Event handlers:: on_connection_error: Called when a websocket connection error occurs.

Example

```python @tts.event_handler(“on_connection_error”) async def on_connection_error(tts: TTSService, error: str):

logger.error(f”TTS connection error: {error}”)

```

class pipecat.services.tts_service.InterruptibleTTSService(**kwargs)[source]

Bases: WebsocketTTSService

Websocket-based TTS service that handles interruptions without word timestamps.

Designed for TTS services that don’t support word timestamps. Handles interruptions by reconnecting the websocket when the bot is speaking and gets interrupted.

Parameters:: **kwargs – Additional arguments passed to the parent WebsocketTTSService.

async process_frame(frame, direction)[source]

Process frames with bot speaking state tracking.

Parameters:

frame (Frame) – The frame to process.
direction (FrameDirection) – The direction of frame processing.

class pipecat.services.tts_service.WebsocketWordTTSService(*, reconnect_on_error=True, **kwargs)[source]

Bases: WordTTSService, WebsocketService

Base class for websocket-based TTS services that support word timestamps.

Combines word timestamp functionality with websocket connectivity.

Parameters:

reconnect_on_error (bool) – Whether to automatically reconnect on websocket errors.
**kwargs – Additional arguments passed to parent classes.

Event handlers:: on_connection_error: Called when a websocket connection error occurs.

Example

```python @tts.event_handler(“on_connection_error”) async def on_connection_error(tts: TTSService, error: str):

logger.error(f”TTS connection error: {error}”)

```

class pipecat.services.tts_service.InterruptibleWordTTSService(**kwargs)[source]

Bases: WebsocketWordTTSService

Websocket-based TTS service with word timestamps that handles interruptions.

For TTS services that support word timestamps but can’t correlate generated audio with requested text. Handles interruptions by reconnecting when needed.

Parameters:: **kwargs – Additional arguments passed to the parent WebsocketWordTTSService.

async process_frame(frame, direction)[source]

Process frames with bot speaking state tracking.

Parameters:

frame (Frame) – The frame to process.
direction (FrameDirection) – The direction of frame processing.

class pipecat.services.tts_service.AudioContextWordTTSService(**kwargs)[source]

Bases: WebsocketWordTTSService

Websocket-based TTS service with word timestamps and audio context management.

This is a base class for websocket-based TTS services that support word timestamps and also allow correlating the generated audio with the requested text.
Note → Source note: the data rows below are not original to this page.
lemma sum_cube_flip:
  fixes h :: "nat list \<Rightarrow> nat"
  assumes B: "B \<subseteq> grid_V (cube m)" and j: "j < m"
    and closed: "\<forall>b\<in>B. b[j := 3 - b ! j] \<in> B"
    and pair: "\<forall>b\<in>B. b ! j = 1 \<longrightarrow> h b + h (b[j := 2]) = C"
  shows "(\<Sum>b\<in>B. h b) = card {b\<in>B. b ! j = 1} * C"
proof -
  let ?B1 = "{b\<in>B. b ! j = 1}" and ?B2 = "{b\<in>B. b ! j = 2}"
  have fin: "finite B" using B finite_grid_V finite_subset by blast
  have len: "length b = m" "b ! j = 1 \<or> b ! j = 2" if "b \<in> B" for b
  proof -
    have "b \<in> grid_V (cube m)" using B that by blast
    then show "length b = m" "b ! j = 1 \<or> b ! j = 2" using j by (auto simp: cube_V_iff)
  qed
  have "?B1 \<union> ?B2 = B" using len(2) by auto
  moreover have "?B1 \<inter> ?B2 = {}" by auto
  ultimately have "(\<Sum>b\<in>B. h b) = (\<Sum>b\<in>?B1. h b) + (\<Sum>b\<in>?B2. h b)"
    using fin sum.union_disjoint[of ?B1 ?B2 h] by simp
  also have "?B2 = (\<lambda>b. b[j := 2]) ` ?B1"
  proof (intro equalityI subsetI)
    fix c assume c: "c \<in> ?B2"
    then have "c[j := 1] \<in> ?B1" using closed len j by fastforce
    moreover have "c = c[j := 1, j := 2]" using c
      by (metis (mono_tags) list_update_id list_update_overwrite mem_Collect_eq)
    ultimately show "c \<in> (\<lambda>b. b[j := 2]) ` ?B1" by blast
  qed (use closed len j in auto)
  also have "inj_on (\<lambda>b. b[j := 2]) ?B1"
    by (rule inj_onI) (metis (mono_tags, lifting) list_update_id list_update_overwrite mem_Collect_eq)
  then have "(\<Sum>b\<in>(\<lambda>b. b[j := 2]) ` ?B1. h b) = (\<Sum>b\<in>?B1. h (b[j := 2]))"
    by (simp add: sum.reindex)
  also have "(\<Sum>b\<in>?B1. h b) + (\<Sum>b\<in>?B1. h (b[j := 2])) = card ?B1 * C"
    using pair by (simp add: sum.distrib[symmetric])
  finally show ?thesis .
qed

lemma card_cube_V_coordinate_eq_1:
  assumes "j < m" shows "card {b\<in>grid_V (cube m). b ! j = 1} = 2 ^ (m - 1)"
proof -
  have "\<forall>b\<in>grid_V (cube m). b[j := 3 - b ! j] \<in> grid_V (cube m)" using cube_V_flip assms
    by blast
  then have "card (grid_V (cube m)) = card {b\<in>grid_V (cube m). b ! j = 1} * 2"
    using sum_cube_flip[OF subset_refl assms, of "\<lambda>_. 1" 2] by simp
  moreover have "(2::nat) ^ m = 2 ^ (m - 1) * 2" using assms by (cases m) simp_all
  ultimately show ?thesis by (simp add: card_cube_V)
qed

lemma card_cube_V_coordinates_eq_1:
  assumes "j < m" "l < m" "j \<noteq> l"
  shows "card {b\<in>grid_V (cube m). b ! l = 1 \<and> b ! j = 1} = 2 ^ (m - 2)"
proof -
  let ?B = "{b\<in>grid_V (cube m). b ! l = 1}"
  have "\<forall>b\<in>?B. b[j := 3 - b ! j] \<in> ?B" using cube_V_flip assms by simp
  then have "card ?B = card {b\<in>?B. b ! j = 1} * 2"
    using sum_cube_flip[of ?B m j "\<lambda>_. 1" 2] assms by simp
  moreover have "{b\<in>?B. b ! j = 1} = {b\<in>grid_V (cube m). b ! l = 1 \<and> b ! j = 1}" by auto
  moreover have "m - 1 = Suc (m - 2)" using assms by linarith
  ultimately show ?thesis using card_cube_V_coordinate_eq_1[OF assms(2)] by simp
qed

lemma sum_list_take_subcube_flip:
  assumes b: "b \<in> grid_V (cube (length p))" "b ! 0 = 1" and r: "0 < r" and p: "0 < length p"
  shows "sum_list (take r (subcube p (b[0 := 2]))) = sum_list (take r (subcube p b)) + 1"
proof -
  let ?x = "take r (subcube p b)"
  have "subcube p (b[0 := 2]) = (subcube p b)[0 := subcube p b ! 0 + 1]"
    using subcube_step_iff[OF b(1) cube_V_update[OF b(1)] p] b(2) by simp
  then have "take r (subcube p (b[0 := 2])) = ?x[0 := ?x ! 0 + 1]"
    using r p by (simp add: take_update_swap)
  moreover have "0 < length ?x" using r p by simp
  ultimately show ?thesis by (simp add: sum_list_update)
qed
Each request could be multiple sentences long which are grouped by context. For this to work, the TTS service needs to support handling multiple requests at once (i.e. multiple simultaneous contexts).

The audio received from the TTS will be played in context order. That is, if we requested audio for a context “A” and then audio for context “B”, the audio from context ID “A” will be played first.

Parameters:: **kwargs – Additional arguments passed to the parent WebsocketWordTTSService.

async create_audio_context(context_id)[source]

Create a new audio context for grouping related audio.

Parameters:: context_id (str) – Unique identifier for the audio context.

async append_to_audio_context(context_id, frame)[source]

Append audio to an existing context.

Parameters:

context_id (str) – The context to append audio to.
frame (TTSAudioRawFrame) – The audio frame to append.

async remove_audio_context(context_id)[source]

Remove an existing audio context.

Parameters:: context_id (str) – The context to remove.

audio_context_available(context_id)[source]

Check whether the given audio context is registered.

Parameters:: context_id (str) – The context ID to check.
Returns:: True if the context exists and is available.
Return type:: bool

async start(frame)[source]

Start the audio context TTS service.

Parameters:: frame (StartFrame) – The start frame containing initialization parameters.

async stop(frame)[source]

Stop the audio context TTS service.

Parameters:: frame (EndFrame) – The end frame.

async cancel(frame)[source]

Cancel the audio context TTS service.

Parameters:: frame (CancelFrame) – The cancel frame.